Action Valid from states Endpoint
Status Any GET /v1/orgs/{org_id}/jobs/alter/{job_id}/status
Commit pending POST /v1/orgs/{org_id}/jobs/alter/{job_id}/commit
Cancel running, pending, failed POST /v1/orgs/{org_id}/jobs/alter/{job_id}/cancel
Retry failed POST /v1/orgs/{org_id}/jobs/alter/{job_id}/retry

Retry a failed alter job⚓︎

If an ALTER job fails, retry it.

  • API: Use the retry an alter job endpoint POST /v1/orgs/{org_id}/jobs/alter/{job_id}/retry.
  • UI: Visit https://hostname.hydrolix.live/jobs/alter-jobs/. Select then Retry for the job.

Known limitations⚓︎

  • ALTER on summary tables isn't supported.
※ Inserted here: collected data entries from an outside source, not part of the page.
lemma smooth_fn_increment_bound:
  fixes f :: "real^'n::finite \<Rightarrow> real"
  assumes S: "smooth_fn f" and fin: "finite S" and e: "e \<ge> 0" and d: "d > 0"
    and C: "\<And>y i. norm (y - x) < d \<Longrightarrow> \<bar>pd i f y - pd i f x\<bar> \<le> e"
  shows "\<forall>h. norm h < d \<longrightarrow> (\<forall>i. i \<notin> S \<longrightarrow> h $ i = 0) \<longrightarrow>
     \<bar>f (x + h) - f x - (\<Sum>i\<in>S. h $ i * pd i f x)\<bar> \<le> e * (\<Sum>i\<in>S. \<bar>h $ i\<bar>)"
  using fin
proof (induction S rule: finite_induct)
  case empty
  show ?case
  proof (intro allI impI)
    fix h :: "real^'n" assume "\<forall>i. i \<notin> {} \<longrightarrow> h $ i = 0"
    then have "h = 0" by (simp add: vec_eq_iff)
    then show "\<bar>f (x + h) - f x - (\<Sum>i\<in>{}. h $ i * pd i f x)\<bar> \<le> e * (\<Sum>i\<in>{}. \<bar>h $ i\<bar>)" by simp
  qed
next
  case (insert j S)
  show ?case
  proof (intro allI impI)
    fix h :: "real^'n" assume hd: "norm h < d" and hs: "\<forall>i. i \<notin> insert j S \<longrightarrow> h $ i = 0"
    define h' where "h' = h - (h $ j) *\<^sub>R axis j 1"
    have h'c: "h' $ i = (if i = j then 0 else h $ i)" for i by (simp add: h'_def axis_def)
    have h'n: "norm h' \<le> norm h" by (rule norm_le_componentwise_cart) (simp add: h'c)
    have h's: "\<forall>i. i \<notin> S \<longrightarrow> h' $ i = 0" using hs h'c by simp
    have IH: "\<bar>f (x + h') - f x - (\<Sum>i\<in>S. h' $ i * pd i f x)\<bar> \<le> e * (\<Sum>i\<in>S. \<bar>h' $ i\<bar>)"
      using insert.IH h'n hd h's by auto
    have sumS: "(\<Sum>i\<in>S. h' $ i * pd i f x) = (\<Sum>i\<in>S. h $ i * pd i f x)"
               "(\<Sum>i\<in>S. \<bar>h' $ i\<bar>) = (\<Sum>i\<in>S. \<bar>h $ i\<bar>)"
      using insert.hyps(2) h'c by (auto intro!: sum.cong)
    define \<phi> where "\<phi> s = f (x + h' + s *\<^sub>R axis j 1)" for s
    have D: "(\<phi> has_real_derivative pd j f (x + h' + s *\<^sub>R axis j 1)) (at s)" for s
      unfolding \<phi>_def by (rule has_real_derivative_pd_line) (rule smooth_fn_differentiable[OF S])
    have B: "\<bar>pd j f (x + h' + s *\<^sub>R axis j 1) - pd j f x\<bar> \<le> e" if "\<bar>s\<bar> \<le> \<bar>h $ j\<bar>" for s
    proof (rule C)
      have "norm (h' + s *\<^sub>R axis j 1) \<le> norm h"
        by (rule norm_le_componentwise_cart) (use that in \<open>simp add: h'c axis_def\<close>)
      then show "norm (x + h' + s *\<^sub>R axis j 1 - x) < d" using hd by (simp add: add.assoc)
    qed
    have M: "\<bar>\<phi> (h $ j) - \<phi> 0 - h $ j * pd j f x\<bar> \<le> e * \<bar>h $ j\<bar>"
      by (rule mean_value_linear_bound[OF D B])
    have xh: "x + h' + (h $ j) *\<^sub>R axis j 1 = x + h" by (simp add: h'_def)
    have "f (x + h) - f x - (\<Sum>i\<in>insert j S. h $ i * pd i f x) =
          (\<phi> (h $ j) - \<phi> 0 - h $ j * pd j f x) + (f (x + h') - f x - (\<Sum>i\<in>S. h' $ i * pd i f x))"
      using insert.hyps sumS by (simp add: \<phi>_def xh)
    also have "\<bar>\<dots>\<bar> \<le> e * \<bar>h $ j\<bar> + e * (\<Sum>i\<in>S. \<bar>h' $ i\<bar>)"
      using M IH by linarith
    also have "\<dots> = e * (\<Sum>i\<in>insert j S. \<bar>h $ i\<bar>)"
      using insert.hyps sumS by (simp add: algebra_simps)
    finally show "\<bar>f (x + h) - f x - (\<Sum>i\<in>insert j S. h $ i * pd i f x)\<bar> \<le> e * (\<Sum>i\<in>insert j S. \<bar>h $ i\<bar>)" .
  qed
qed

lemma smooth_fn_has_derivative:
  fixes f :: "real^'n::finite \<Rightarrow> real"
  assumes S: "smooth_fn f"
  shows "(f has_derivative (\<lambda>h. \<Sum>i\<in>UNIV. h $ i * pd i f x)) (at x)"
  unfolding has_derivative_at_alt
proof (intro conjI allI impI)
  show "bounded_linear (\<lambda>h. \<Sum>i\<in>UNIV. h $ i * pd i f x)"
    by (intro bounded_linear_sum bounded_linear_mult_left[THEN bounded_linear_compose] bounded_linear_vec_nth)
  fix \<epsilon> :: real assume "\<epsilon> > 0"
  define e where "e = \<epsilon> / real CARD('n)"
  have e: "e > 0" using \<open>\<epsilon> > 0\<close> by (simp add: e_def)
  have "\<forall>\<^sub>F y in nhds x. \<bar>pd i f y - pd i f x\<bar> < e" for i
  proof -
    have "continuous_on UNIV (pd i f)" using smooth_fn_continuous[OF smooth_fn_pd[OF S]] .
    then have "isCont (pd i f) x" by (simp add: continuous_on_eq_continuous_at)
    then have "\<forall>\<^sub>F y in at x. dist (pd i f y) (pd i f x) < e" unfolding isCont_def by (rule tendstoD) (rule e)
    then show ?thesis unfolding eventually_at_filter by eventually_elim (use e in \<open>auto simp: dist_real_def\<close>)
  qed
  then have "\<forall>\<^sub>F y in nhds x. \<forall>i. \<bar>pd i f y - pd i f x\<bar> < e"
    by (rule eventually_all_finite)
  then obtain d where d: "d > 0" and dC: "\<And>y. dist y x < d \<Longrightarrow> \<forall>i. \<bar>pd i f y - pd i f x\<bar> < e"
    unfolding eventually_nhds_metric by blast
  have C: "\<And>y i. norm (y - x) < d \<Longrightarrow> \<bar>pd i f y - pd i f x\<bar> \<le> e"
    using dC by (simp add: dist_norm less_imp_le)
  have A: "\<forall>h. norm h < d \<longrightarrow> (\<forall>i. i \<notin> UNIV \<longrightarrow> h $ i = 0) \<longrightarrow>
     \<bar>f (x + h) - f x - (\<Sum>i\<in>UNIV. h $ i * pd i f x)\<bar> \<le> e * (\<Sum>i\<in>UNIV. \<bar>h $ i\<bar>)"
    by (rule smooth_fn_increment_bound[OF S finite[of UNIV] less_imp_le[OF e] d C])
  show "\<exists>d>0. \<forall>y. norm (y - x) < d \<longrightarrow> norm (f y - f x - (\<Sum>i\<in>UNIV. (y - x) $ i * pd i f x)) \<le> \<epsilon> * norm (y - x)"
  proof (intro exI[of _ d] conjI allI impI d)
    fix y assume yd: "norm (y - x) < d"
    have "norm (f y - f x - (\<Sum>i\<in>UNIV. (y - x) $ i * pd i f x)) \<le> e * (\<Sum>i\<in>UNIV. \<bar>(y - x) $ i\<bar>)"
      using A[rule_format, OF yd] by simp
    also have "\<dots> \<le> e * (\<Sum>i\<in>(UNIV::'n set). norm (y - x))"
      by (intro mult_left_mono sum_mono component_le_norm_cart) (use e in auto)
    also have "\<dots> = \<epsilon> * norm (y - x)" by (simp add: e_def)
    finally show "norm (f y - f x - (\<Sum>i\<in>UNIV. (y - x) $ i * pd i f x)) \<le> \<epsilon> * norm (y - x)" .
  qed
qed

lemma has_real_derivative_smooth_fn_ray:
  fixes f :: "real^'n::finite \<Rightarrow> real"
  assumes S: "smooth_fn f"
  shows "((\<lambda>l. f (l *\<^sub>R x)) has_real_derivative (\<Sum>i\<in>UNIV. x $ i * pd i f (l *\<^sub>R x))) (at l)"
proof -
  have "((\<lambda>l. l *\<^sub>R x) has_derivative (\<lambda>d. d *\<^sub>R x)) (at l)"
    by (auto intro!: derivative_eq_intros)
  from has_derivative_compose[OF this smooth_fn_has_derivative[OF S, of "l *\<^sub>R x"]]
  have "((\<lambda>l. f (l *\<^sub>R x)) has_derivative (\<lambda>d. \<Sum>i\<in>UNIV. (d *\<^sub>R x) $ i * pd i f (l *\<^sub>R x))) (at l)" by (simp add: o_def)
  moreover have "(\<lambda>d. \<Sum>i\<in>UNIV. (d *\<^sub>R x) $ i * pd i f (l *\<^sub>R x)) = (\<lambda>d. d * (\<Sum>i\<in>UNIV. x $ i * pd i f (l *\<^sub>R x)))"
    by (auto simp: sum_distrib_left algebra_simps)
  ultimately have "((\<lambda>l. f (l *\<^sub>R x)) has_derivative (\<lambda>d. d * (\<Sum>i\<in>UNIV. x $ i * pd i f (l *\<^sub>R x)))) (at l)" by simp
  moreover have "(\<lambda>d. d * (\<Sum>i\<in>UNIV. x $ i * pd i f (l *\<^sub>R x))) = (*) (\<Sum>i\<in>UNIV. x $ i * pd i f (l *\<^sub>R x))"
    by (rule ext) (simp add: mult.commute)
  ultimately show ?thesis by (simp add: has_field_derivative_def)
qed

lemma continuous_on_line:
  fixes g :: "real^'n::finite \<Rightarrow> real"
  assumes "continuous_on UNIV g"
  shows "continuous_on S (\<lambda>v. g (y + v *\<^sub>R e))"
  by (rule continuous_on_compose2[OF assms]) (auto intro!: continuous_intros)

lemma smooth_fn_diff_eq_integral_pd:
  fixes f :: "real^'n::finite \<Rightarrow> real"
  assumes S: "smooth_fn f" and u: "-1 \<le> u"
  shows "f (y + u *\<^sub>R axis \<nu> 1) - f (y + (-1) *\<^sub>R axis \<nu> 1) = integral {-1..u} (\<lambda>v. pd \<nu> f (y + v *\<^sub>R axis \<nu> 1))"
proof -
  have "((\<lambda>v. pd \<nu> f (y + v *\<^sub>R axis \<nu> 1)) has_integral f (y + u *\<^sub>R axis \<nu> 1) - f (y + (-1) *\<^sub>R axis \<nu> 1)) {-1..u}"
  proof (rule fundamental_theorem_of_calculus[OF u])
    fix v assume "v \<in> {-1..u}"
    have "((\<lambda>v. f (y + v *\<^sub>R axis \<nu> 1)) has_real_derivative pd \<nu> f (y + v *\<^sub>R axis \<nu> 1)) (at v)"
      by (rule has_real_derivative_pd_line) (rule smooth_fn_differentiable[OF S])
    then show "((\<lambda>v. f (y + v *\<^sub>R axis \<nu> 1)) has_vector_derivative pd \<nu> f (y + v *\<^sub>R axis \<nu> 1)) (at v within {-1..u})"
      by (simp add: has_real_derivative_iff_has_vector_derivative[symmetric] has_field_derivative_at_within)
  qed
  then show ?thesis by (simp add: integral_unique)
qed

lemma pd_diff_eq_integral_pd_pd:
  fixes f :: "real^'n::finite \<Rightarrow> real"
  assumes S: "smooth_fn f" and u: "-1 \<le> u"
  shows "pd \<mu> f (x + u *\<^sub>R axis \<nu> 1) - pd \<mu> f (x + (-1) *\<^sub>R axis \<nu> 1) =
    integral {-1..u} (\<lambda>v. pd \<mu> (pd \<nu> f) (x + v *\<^sub>R axis \<nu> 1))"
proof -
  define e1 :: "real^'n" where "e1 = axis \<mu> 1"
  define e2 :: "real^'n" where "e2 = axis \<nu> 1"
  have smooth_pd: "smooth_fn (pd \<nu> f)" using smooth_fn_pd[OF S] .
  have cont_pd_pd: "continuous_on UNIV (pd \<mu> (pd \<nu> f))" using smooth_fn_continuous[OF smooth_fn_pd[OF smooth_pd]] .
  have ftc: "f (x + s *\<^sub>R e1 + u *\<^sub>R e2) - f (x + s *\<^sub>R e1 + (-1) *\<^sub>R e2) =
      integral {-1..u} (\<lambda>v. pd \<nu> f (x + s *\<^sub>R e1 + v *\<^sub>R e2))" for s
    unfolding e2_def by (rule smooth_fn_diff_eq_integral_pd[OF S u])
  have deriv_diff: "((\<lambda>s. f (x + s *\<^sub>R e1 + u *\<^sub>R e2) - f (x + s *\<^sub>R e1 + (-1) *\<^sub>R e2)) has_real_derivative
      pd \<mu> f (x + u *\<^sub>R e2) - pd \<mu> f (x + (-1) *\<^sub>R e2)) (at 0)"
  proof -
    have "((\<lambda>s. f ((x + u *\<^sub>R e2) + s *\<^sub>R e1)) has_real_derivative pd \<mu> f ((x + u *\<^sub>R e2) + 0 *\<^sub>R e1)) (at 0)"
      unfolding e1_def by (rule has_real_derivative_pd_line) (rule smooth_fn_differentiable[OF S])
    moreover have "((\<lambda>s. f ((x + (-1) *\<^sub>R e2) + s *\<^sub>R e1))
        has_real_derivative pd \<mu> f ((x + (-1) *\<^sub>R e2) + 0 *\<^sub>R e1)) (at 0)"
      unfolding e1_def by (rule has_real_derivative_pd_line) (rule smooth_fn_differentiable[OF S])
    ultimately have "((\<lambda>s. f ((x + u *\<^sub>R e2) + s *\<^sub>R e1) - f ((x + (-1) *\<^sub>R e2) + s *\<^sub>R e1)) has_real_derivative
        pd \<mu> f ((x + u *\<^sub>R e2) + 0 *\<^sub>R e1) - pd \<mu> f ((x + (-1) *\<^sub>R e2) + 0 *\<^sub>R e1)) (at 0)"
      by (rule DERIV_diff)
    then show ?thesis by (simp only: ac_simps scaleR_zero_left add_0_left)
  qed
  have deriv_integral: "((\<lambda>s. integral (cbox (-1) u) (\<lambda>v. pd \<nu> f (x + s *\<^sub>R e1 + v *\<^sub>R e2))) has_field_derivative
      integral (cbox (-1) u) (\<lambda>v. pd \<mu> (pd \<nu> f) (x + 0 *\<^sub>R e1 + v *\<^sub>R e2))) (at 0 within UNIV)"
  proof (rule leibniz_rule_field_derivative[where fx="\<lambda>s v. pd \<mu> (pd \<nu> f) (x + s *\<^sub>R e1 + v *\<^sub>R e2)"])
    fix s v :: real
    have "((\<lambda>s. pd \<nu> f ((x + v *\<^sub>R e2) + s *\<^sub>R e1))
        has_real_derivative pd \<mu> (pd \<nu> f) ((x + v *\<^sub>R e2) + s *\<^sub>R e1)) (at s)"
      unfolding e1_def by (rule has_real_derivative_pd_line) (rule smooth_fn_differentiable[OF smooth_pd])
    then show "((\<lambda>s. pd \<nu> f (x + s *\<^sub>R e1 + v *\<^sub>R e2))
        has_field_derivative pd \<mu> (pd \<nu> f) (x + s *\<^sub>R e1 + v *\<^sub>R e2)) (at s within UNIV)"
      by (simp add: algebra_simps)
  next
    fix s :: real
    have "continuous_on (cbox (-1) u) (\<lambda>v. pd \<nu> f ((x + s *\<^sub>R e1) + v *\<^sub>R e2))"
      by (rule continuous_on_line[OF smooth_fn_continuous[OF smooth_pd]])
    then show "(\<lambda>v. pd \<nu> f (x + s *\<^sub>R e1 + v *\<^sub>R e2)) integrable_on cbox (-1) u"
      by (simp add: integrable_continuous_real)
  next
    show "continuous_on (UNIV \<times> cbox (-1) u) (\<lambda>(s, v). pd \<mu> (pd \<nu> f) (x + s *\<^sub>R e1 + v *\<^sub>R e2))"
      unfolding case_prod_beta
      by (rule continuous_on_compose2[OF cont_pd_pd]) (auto intro!: continuous_intros)
  qed auto
  have "pd \<mu> f (x + u *\<^sub>R e2) - pd \<mu> f (x + (-1) *\<^sub>R e2) =
      integral (cbox (-1) u) (\<lambda>v. pd \<mu> (pd \<nu> f) (x + 0 *\<^sub>R e1 + v *\<^sub>R e2))"
    using DERIV_unique[OF deriv_diff] deriv_integral ftc by simp
  then show ?thesis by (simp add: e2_def)
qed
Summary tables use pre-aggregated intermediate states (avgState, avgMerge, etc.) and ALTER can't correctly modify this data format.
  • Only one ALTER job can run per table at a time. Concurrent ALTER jobs on the same table aren't supported.
  • No ALTER on shard keys. You can't alter a column that's used as a shard key.
  • ALTER UPDATE can't add new columns. You can only modify existing column values.
  • ALTER DELETE operates on entire rows. It can't delete a subset of columns on a row.